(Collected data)
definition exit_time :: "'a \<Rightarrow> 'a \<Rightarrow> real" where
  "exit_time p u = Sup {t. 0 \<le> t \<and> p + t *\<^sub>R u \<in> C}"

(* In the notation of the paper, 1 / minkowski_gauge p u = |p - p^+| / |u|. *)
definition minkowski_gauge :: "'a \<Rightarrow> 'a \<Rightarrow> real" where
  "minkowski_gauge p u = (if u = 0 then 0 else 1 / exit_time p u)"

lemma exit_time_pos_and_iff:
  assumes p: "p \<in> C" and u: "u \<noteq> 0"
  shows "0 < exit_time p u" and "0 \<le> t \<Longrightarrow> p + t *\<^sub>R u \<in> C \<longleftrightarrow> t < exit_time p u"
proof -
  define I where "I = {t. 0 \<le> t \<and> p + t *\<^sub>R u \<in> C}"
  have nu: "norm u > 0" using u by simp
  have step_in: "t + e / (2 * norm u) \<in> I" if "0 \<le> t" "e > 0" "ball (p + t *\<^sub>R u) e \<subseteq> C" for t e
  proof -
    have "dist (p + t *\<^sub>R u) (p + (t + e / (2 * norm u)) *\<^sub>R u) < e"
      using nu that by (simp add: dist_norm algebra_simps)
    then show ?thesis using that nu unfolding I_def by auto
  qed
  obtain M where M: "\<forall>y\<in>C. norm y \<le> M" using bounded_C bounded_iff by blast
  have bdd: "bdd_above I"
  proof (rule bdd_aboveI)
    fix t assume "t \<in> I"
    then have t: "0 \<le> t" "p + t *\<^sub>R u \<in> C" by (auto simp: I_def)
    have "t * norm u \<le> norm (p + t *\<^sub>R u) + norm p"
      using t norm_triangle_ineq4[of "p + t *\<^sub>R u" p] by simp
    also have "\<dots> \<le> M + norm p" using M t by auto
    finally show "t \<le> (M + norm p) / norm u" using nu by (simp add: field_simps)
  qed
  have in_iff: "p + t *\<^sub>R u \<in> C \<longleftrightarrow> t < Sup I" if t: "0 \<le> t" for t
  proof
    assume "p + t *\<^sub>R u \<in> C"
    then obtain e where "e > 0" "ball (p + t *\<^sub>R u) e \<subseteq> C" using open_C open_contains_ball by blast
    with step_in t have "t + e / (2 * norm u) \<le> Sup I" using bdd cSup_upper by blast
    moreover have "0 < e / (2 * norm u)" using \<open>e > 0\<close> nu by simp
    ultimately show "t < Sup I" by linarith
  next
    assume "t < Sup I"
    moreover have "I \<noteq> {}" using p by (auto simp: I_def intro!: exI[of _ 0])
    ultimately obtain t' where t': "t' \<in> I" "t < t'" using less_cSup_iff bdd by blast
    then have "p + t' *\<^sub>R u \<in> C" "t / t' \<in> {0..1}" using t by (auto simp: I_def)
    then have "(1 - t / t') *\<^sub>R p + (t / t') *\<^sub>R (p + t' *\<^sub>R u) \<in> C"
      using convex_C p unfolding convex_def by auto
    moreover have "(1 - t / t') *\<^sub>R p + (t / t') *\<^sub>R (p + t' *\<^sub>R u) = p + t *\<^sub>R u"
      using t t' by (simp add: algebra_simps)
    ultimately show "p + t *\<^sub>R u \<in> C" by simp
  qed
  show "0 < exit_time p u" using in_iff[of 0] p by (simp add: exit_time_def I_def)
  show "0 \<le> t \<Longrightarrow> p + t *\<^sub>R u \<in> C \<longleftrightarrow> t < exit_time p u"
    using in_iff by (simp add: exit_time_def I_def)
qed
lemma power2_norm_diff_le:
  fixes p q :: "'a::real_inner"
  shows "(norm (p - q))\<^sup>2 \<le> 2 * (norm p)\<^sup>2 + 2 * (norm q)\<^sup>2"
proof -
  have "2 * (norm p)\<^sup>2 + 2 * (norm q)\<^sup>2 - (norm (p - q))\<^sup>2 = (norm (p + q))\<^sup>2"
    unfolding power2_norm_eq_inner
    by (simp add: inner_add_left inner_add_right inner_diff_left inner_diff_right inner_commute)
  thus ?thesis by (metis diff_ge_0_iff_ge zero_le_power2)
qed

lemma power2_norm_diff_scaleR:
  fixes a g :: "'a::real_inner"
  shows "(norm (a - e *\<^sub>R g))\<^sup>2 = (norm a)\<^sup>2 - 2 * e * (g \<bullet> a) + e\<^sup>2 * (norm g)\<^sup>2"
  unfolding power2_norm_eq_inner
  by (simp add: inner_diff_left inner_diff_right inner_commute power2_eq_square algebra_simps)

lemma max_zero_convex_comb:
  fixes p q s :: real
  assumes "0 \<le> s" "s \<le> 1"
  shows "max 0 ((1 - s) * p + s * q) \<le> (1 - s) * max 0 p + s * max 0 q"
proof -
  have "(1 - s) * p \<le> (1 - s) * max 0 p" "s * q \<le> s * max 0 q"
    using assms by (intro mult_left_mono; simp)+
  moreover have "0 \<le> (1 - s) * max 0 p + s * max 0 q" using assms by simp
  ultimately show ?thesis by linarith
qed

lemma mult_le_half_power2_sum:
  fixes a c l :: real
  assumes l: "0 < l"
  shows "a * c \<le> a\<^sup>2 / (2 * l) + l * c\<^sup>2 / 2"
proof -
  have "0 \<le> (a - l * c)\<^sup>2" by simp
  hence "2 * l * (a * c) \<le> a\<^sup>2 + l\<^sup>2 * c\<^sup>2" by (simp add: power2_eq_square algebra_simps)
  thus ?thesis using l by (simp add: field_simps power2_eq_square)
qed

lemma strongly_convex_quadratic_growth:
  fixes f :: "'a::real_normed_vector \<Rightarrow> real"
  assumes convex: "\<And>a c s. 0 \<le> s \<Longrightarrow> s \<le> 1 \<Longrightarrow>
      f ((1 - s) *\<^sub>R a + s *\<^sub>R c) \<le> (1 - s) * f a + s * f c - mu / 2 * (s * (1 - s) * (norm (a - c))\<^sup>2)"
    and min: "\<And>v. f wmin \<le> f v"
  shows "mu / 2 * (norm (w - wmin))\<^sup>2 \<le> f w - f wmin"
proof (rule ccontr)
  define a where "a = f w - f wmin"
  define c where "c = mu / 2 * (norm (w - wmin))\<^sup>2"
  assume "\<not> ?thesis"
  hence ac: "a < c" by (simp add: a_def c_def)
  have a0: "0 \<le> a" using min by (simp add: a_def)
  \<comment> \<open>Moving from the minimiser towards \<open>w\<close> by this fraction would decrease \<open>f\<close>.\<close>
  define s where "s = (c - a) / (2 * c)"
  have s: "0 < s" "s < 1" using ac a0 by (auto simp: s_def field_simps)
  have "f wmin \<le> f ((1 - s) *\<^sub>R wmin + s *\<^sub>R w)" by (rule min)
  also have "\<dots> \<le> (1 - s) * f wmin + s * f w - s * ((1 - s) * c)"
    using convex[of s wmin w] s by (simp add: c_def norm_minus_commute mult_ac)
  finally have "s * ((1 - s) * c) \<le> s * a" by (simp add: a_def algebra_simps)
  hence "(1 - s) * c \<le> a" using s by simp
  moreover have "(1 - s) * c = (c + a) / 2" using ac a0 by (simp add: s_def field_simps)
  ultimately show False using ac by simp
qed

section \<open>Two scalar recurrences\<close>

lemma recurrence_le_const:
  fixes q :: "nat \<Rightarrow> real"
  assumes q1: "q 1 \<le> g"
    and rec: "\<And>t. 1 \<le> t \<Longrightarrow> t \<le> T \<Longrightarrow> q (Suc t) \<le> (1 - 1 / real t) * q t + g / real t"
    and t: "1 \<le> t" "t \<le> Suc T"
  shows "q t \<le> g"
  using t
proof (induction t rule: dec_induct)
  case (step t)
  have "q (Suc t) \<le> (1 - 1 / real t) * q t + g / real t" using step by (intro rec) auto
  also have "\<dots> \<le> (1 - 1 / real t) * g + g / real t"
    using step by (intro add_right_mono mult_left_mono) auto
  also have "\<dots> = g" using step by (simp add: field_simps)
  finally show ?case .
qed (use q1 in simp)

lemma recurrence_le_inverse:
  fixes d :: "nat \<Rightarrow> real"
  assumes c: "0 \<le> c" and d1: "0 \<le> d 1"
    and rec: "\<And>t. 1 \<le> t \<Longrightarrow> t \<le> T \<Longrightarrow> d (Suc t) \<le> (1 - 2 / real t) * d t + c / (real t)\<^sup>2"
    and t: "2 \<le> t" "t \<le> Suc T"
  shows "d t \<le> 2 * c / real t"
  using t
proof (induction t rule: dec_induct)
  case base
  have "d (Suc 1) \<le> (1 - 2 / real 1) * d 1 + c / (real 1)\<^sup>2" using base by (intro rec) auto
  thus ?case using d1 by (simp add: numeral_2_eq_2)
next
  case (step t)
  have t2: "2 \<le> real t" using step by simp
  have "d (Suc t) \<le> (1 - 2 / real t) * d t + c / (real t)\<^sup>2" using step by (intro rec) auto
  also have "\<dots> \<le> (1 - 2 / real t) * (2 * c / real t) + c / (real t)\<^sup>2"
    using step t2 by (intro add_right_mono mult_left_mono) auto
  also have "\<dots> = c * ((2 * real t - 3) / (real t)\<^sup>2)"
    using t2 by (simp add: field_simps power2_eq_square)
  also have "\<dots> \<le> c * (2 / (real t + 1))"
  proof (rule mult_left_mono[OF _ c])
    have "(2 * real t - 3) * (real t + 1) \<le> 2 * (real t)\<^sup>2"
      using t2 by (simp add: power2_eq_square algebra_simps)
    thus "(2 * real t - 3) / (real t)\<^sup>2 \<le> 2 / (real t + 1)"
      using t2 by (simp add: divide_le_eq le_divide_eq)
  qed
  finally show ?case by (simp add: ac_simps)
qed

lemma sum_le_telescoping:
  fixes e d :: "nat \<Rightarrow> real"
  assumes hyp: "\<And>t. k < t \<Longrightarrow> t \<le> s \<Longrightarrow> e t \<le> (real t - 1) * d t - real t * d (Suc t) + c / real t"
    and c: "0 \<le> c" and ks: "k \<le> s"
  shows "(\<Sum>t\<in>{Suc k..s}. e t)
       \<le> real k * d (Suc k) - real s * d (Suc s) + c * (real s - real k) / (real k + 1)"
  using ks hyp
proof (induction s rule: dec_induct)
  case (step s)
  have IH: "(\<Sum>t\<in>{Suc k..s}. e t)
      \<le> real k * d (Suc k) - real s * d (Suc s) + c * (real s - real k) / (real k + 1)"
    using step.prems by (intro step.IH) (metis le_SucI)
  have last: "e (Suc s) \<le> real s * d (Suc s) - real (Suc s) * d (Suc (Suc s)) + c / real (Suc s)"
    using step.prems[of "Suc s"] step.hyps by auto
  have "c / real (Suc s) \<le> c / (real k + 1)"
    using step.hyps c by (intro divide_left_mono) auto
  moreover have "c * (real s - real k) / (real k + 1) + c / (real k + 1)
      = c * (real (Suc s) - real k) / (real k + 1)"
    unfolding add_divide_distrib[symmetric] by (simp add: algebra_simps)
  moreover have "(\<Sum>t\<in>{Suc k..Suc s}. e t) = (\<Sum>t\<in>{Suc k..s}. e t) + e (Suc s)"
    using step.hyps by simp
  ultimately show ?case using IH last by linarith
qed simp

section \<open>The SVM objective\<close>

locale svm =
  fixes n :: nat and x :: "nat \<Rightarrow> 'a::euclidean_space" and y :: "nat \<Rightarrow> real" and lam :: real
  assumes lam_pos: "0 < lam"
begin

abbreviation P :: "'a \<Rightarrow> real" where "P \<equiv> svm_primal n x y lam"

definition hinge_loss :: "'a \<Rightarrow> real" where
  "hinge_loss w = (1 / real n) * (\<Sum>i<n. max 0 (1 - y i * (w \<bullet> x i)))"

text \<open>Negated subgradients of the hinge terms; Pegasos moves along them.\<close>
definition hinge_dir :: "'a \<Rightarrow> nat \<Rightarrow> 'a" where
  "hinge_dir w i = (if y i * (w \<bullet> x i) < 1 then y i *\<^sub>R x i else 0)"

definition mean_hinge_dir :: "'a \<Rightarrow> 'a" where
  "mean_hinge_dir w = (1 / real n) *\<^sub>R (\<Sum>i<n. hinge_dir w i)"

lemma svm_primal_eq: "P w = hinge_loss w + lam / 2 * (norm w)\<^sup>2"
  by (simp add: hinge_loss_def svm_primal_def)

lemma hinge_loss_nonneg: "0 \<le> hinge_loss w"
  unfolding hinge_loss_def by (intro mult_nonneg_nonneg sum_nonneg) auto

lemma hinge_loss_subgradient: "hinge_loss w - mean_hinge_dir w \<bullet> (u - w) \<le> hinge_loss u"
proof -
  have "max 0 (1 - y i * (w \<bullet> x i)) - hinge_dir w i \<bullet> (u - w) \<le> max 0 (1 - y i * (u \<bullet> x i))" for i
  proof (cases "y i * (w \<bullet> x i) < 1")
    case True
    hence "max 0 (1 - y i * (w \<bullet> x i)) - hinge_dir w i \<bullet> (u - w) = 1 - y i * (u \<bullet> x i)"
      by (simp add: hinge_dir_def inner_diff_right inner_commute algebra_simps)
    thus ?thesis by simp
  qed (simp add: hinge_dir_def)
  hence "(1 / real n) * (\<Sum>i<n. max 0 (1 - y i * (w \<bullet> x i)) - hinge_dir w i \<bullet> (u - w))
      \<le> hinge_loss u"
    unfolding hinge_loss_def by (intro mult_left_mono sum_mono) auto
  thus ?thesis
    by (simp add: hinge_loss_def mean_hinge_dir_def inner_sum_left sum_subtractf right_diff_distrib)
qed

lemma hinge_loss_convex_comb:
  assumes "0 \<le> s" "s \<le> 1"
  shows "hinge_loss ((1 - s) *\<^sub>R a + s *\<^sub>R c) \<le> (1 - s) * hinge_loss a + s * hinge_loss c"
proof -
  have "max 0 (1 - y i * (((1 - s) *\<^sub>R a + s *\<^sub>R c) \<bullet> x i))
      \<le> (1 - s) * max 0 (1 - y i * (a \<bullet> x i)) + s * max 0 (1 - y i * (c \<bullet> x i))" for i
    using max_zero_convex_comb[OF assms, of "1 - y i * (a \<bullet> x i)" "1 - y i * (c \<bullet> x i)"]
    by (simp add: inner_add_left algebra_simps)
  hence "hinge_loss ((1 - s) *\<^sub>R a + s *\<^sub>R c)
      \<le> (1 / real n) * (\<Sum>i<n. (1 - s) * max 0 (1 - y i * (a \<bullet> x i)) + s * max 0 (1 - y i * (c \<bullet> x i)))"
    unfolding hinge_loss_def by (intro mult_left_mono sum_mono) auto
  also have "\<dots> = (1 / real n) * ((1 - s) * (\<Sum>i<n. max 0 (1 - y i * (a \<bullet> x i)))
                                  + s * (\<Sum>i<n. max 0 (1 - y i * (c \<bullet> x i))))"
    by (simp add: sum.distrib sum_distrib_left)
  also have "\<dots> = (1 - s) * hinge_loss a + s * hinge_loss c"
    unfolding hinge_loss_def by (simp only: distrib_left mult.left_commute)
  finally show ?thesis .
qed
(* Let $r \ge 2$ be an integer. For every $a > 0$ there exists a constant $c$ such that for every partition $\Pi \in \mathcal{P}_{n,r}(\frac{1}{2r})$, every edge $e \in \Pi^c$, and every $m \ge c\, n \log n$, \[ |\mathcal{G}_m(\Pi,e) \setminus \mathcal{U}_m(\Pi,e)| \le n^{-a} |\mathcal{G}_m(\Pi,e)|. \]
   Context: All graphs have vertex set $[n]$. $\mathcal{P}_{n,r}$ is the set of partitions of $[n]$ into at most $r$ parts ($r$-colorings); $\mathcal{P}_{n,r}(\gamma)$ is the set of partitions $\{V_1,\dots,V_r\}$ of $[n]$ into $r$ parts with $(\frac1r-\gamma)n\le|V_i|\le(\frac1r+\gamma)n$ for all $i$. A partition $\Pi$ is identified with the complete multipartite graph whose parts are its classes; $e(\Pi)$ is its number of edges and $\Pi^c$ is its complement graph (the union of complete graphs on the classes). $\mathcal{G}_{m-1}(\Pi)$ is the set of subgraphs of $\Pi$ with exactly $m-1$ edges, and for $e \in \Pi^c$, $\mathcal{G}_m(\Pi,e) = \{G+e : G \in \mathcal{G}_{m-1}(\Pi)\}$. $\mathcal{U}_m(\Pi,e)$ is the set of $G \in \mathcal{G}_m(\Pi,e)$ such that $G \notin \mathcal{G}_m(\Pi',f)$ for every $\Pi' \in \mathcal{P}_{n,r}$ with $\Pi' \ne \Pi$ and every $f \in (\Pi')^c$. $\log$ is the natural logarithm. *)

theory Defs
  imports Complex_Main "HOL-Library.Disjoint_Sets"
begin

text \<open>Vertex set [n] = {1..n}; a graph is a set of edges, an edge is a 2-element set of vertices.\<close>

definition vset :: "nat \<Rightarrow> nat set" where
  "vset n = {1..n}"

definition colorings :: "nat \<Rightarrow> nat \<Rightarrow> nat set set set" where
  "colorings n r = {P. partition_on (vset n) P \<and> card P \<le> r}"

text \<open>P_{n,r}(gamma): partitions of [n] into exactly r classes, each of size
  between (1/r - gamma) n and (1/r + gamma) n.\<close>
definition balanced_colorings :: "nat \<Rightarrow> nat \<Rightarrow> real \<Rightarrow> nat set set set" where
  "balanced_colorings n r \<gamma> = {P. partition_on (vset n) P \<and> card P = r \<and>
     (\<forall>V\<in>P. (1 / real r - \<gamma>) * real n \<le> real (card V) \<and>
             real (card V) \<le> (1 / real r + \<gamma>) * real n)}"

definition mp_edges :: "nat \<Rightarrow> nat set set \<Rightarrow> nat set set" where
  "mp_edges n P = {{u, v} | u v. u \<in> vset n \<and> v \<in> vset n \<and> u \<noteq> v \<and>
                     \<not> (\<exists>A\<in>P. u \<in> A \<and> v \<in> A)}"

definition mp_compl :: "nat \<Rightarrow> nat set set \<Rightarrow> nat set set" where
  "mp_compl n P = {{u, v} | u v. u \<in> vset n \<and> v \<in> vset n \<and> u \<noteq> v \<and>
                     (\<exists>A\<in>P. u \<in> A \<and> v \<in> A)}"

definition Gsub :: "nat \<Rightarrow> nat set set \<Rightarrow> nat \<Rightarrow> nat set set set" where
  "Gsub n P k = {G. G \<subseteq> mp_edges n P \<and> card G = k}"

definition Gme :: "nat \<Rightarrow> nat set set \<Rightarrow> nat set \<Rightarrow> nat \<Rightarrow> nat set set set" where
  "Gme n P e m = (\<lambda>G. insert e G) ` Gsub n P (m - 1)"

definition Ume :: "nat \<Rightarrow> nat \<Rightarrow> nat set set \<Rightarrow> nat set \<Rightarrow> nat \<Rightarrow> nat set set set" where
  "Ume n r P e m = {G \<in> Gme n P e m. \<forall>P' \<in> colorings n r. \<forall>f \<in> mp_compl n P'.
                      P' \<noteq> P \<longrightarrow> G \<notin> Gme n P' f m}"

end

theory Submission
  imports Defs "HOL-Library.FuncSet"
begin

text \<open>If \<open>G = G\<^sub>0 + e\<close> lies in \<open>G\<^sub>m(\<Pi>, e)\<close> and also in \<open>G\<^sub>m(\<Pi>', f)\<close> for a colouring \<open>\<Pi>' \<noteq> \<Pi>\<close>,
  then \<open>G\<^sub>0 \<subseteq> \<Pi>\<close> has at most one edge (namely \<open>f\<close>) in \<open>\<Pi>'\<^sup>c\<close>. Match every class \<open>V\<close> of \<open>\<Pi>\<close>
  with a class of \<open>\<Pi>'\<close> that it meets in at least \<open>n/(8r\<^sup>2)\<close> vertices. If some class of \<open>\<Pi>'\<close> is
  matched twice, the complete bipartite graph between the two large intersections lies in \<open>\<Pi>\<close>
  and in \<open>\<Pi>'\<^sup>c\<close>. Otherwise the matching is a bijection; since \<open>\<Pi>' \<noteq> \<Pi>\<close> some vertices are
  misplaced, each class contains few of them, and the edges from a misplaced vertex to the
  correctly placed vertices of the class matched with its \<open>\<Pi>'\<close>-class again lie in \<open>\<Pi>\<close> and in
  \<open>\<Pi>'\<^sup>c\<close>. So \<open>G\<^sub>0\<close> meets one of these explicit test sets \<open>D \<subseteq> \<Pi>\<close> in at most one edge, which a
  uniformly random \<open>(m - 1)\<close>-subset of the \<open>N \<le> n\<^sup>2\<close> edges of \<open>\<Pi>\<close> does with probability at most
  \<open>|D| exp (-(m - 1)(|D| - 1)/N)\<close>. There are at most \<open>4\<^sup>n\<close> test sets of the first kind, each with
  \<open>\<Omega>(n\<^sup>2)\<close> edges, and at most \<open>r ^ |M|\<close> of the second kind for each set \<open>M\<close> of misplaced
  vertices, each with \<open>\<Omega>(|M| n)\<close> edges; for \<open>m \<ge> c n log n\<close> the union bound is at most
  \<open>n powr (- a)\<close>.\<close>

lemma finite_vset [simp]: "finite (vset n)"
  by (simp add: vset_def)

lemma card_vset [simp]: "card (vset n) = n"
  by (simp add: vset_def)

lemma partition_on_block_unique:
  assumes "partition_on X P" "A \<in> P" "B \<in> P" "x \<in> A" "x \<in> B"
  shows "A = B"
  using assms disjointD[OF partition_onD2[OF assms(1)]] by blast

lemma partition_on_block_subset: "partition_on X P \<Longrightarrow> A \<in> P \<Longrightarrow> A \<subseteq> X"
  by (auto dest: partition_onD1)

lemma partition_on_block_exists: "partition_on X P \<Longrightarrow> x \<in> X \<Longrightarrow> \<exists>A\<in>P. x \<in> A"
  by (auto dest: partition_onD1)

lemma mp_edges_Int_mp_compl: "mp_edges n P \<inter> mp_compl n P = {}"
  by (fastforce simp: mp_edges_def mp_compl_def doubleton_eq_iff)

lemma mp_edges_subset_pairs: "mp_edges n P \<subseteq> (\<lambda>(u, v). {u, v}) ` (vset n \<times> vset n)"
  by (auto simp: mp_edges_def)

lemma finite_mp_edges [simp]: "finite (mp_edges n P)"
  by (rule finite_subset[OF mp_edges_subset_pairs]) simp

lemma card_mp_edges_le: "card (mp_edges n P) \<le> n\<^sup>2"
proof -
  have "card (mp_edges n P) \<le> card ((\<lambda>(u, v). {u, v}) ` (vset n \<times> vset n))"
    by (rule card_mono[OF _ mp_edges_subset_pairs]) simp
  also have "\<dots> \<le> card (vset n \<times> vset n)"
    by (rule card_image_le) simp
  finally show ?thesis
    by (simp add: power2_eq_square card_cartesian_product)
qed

* **TASK GOAL**
In the records above, find the line containing "P \<Longrightarrow> x" and print it and every later line exactly, through the last one.

* **PROBLEM SOLUTION**
lemma partition_on_block_exists: "partition_on X P \<Longrightarrow> x \<in> X \<Longrightarrow> \<exists>A\<in>P. x \<in> A"
  by (auto dest: partition_onD1)

lemma mp_edges_Int_mp_compl: "mp_edges n P \<inter> mp_compl n P = {}"
  by (fastforce simp: mp_edges_def mp_compl_def doubleton_eq_iff)

lemma mp_edges_subset_pairs: "mp_edges n P \<subseteq> (\<lambda>(u, v). {u, v}) ` (vset n \<times> vset n)"
  by (auto simp: mp_edges_def)

lemma finite_mp_edges [simp]: "finite (mp_edges n P)"
  by (rule finite_subset[OF mp_edges_subset_pairs]) simp

lemma card_mp_edges_le: "card (mp_edges n P) \<le> n\<^sup>2"
proof -
  have "card (mp_edges n P) \<le> card ((\<lambda>(u, v). {u, v}) ` (vset n \<times> vset n))"
    by (rule card_mono[OF _ mp_edges_subset_pairs]) simp
  also have "\<dots> \<le> card (vset n \<times> vset n)"
    by (rule card_image_le) simp
  finally show ?thesis
    by (simp add: power2_eq_square card_cartesian_product)
qed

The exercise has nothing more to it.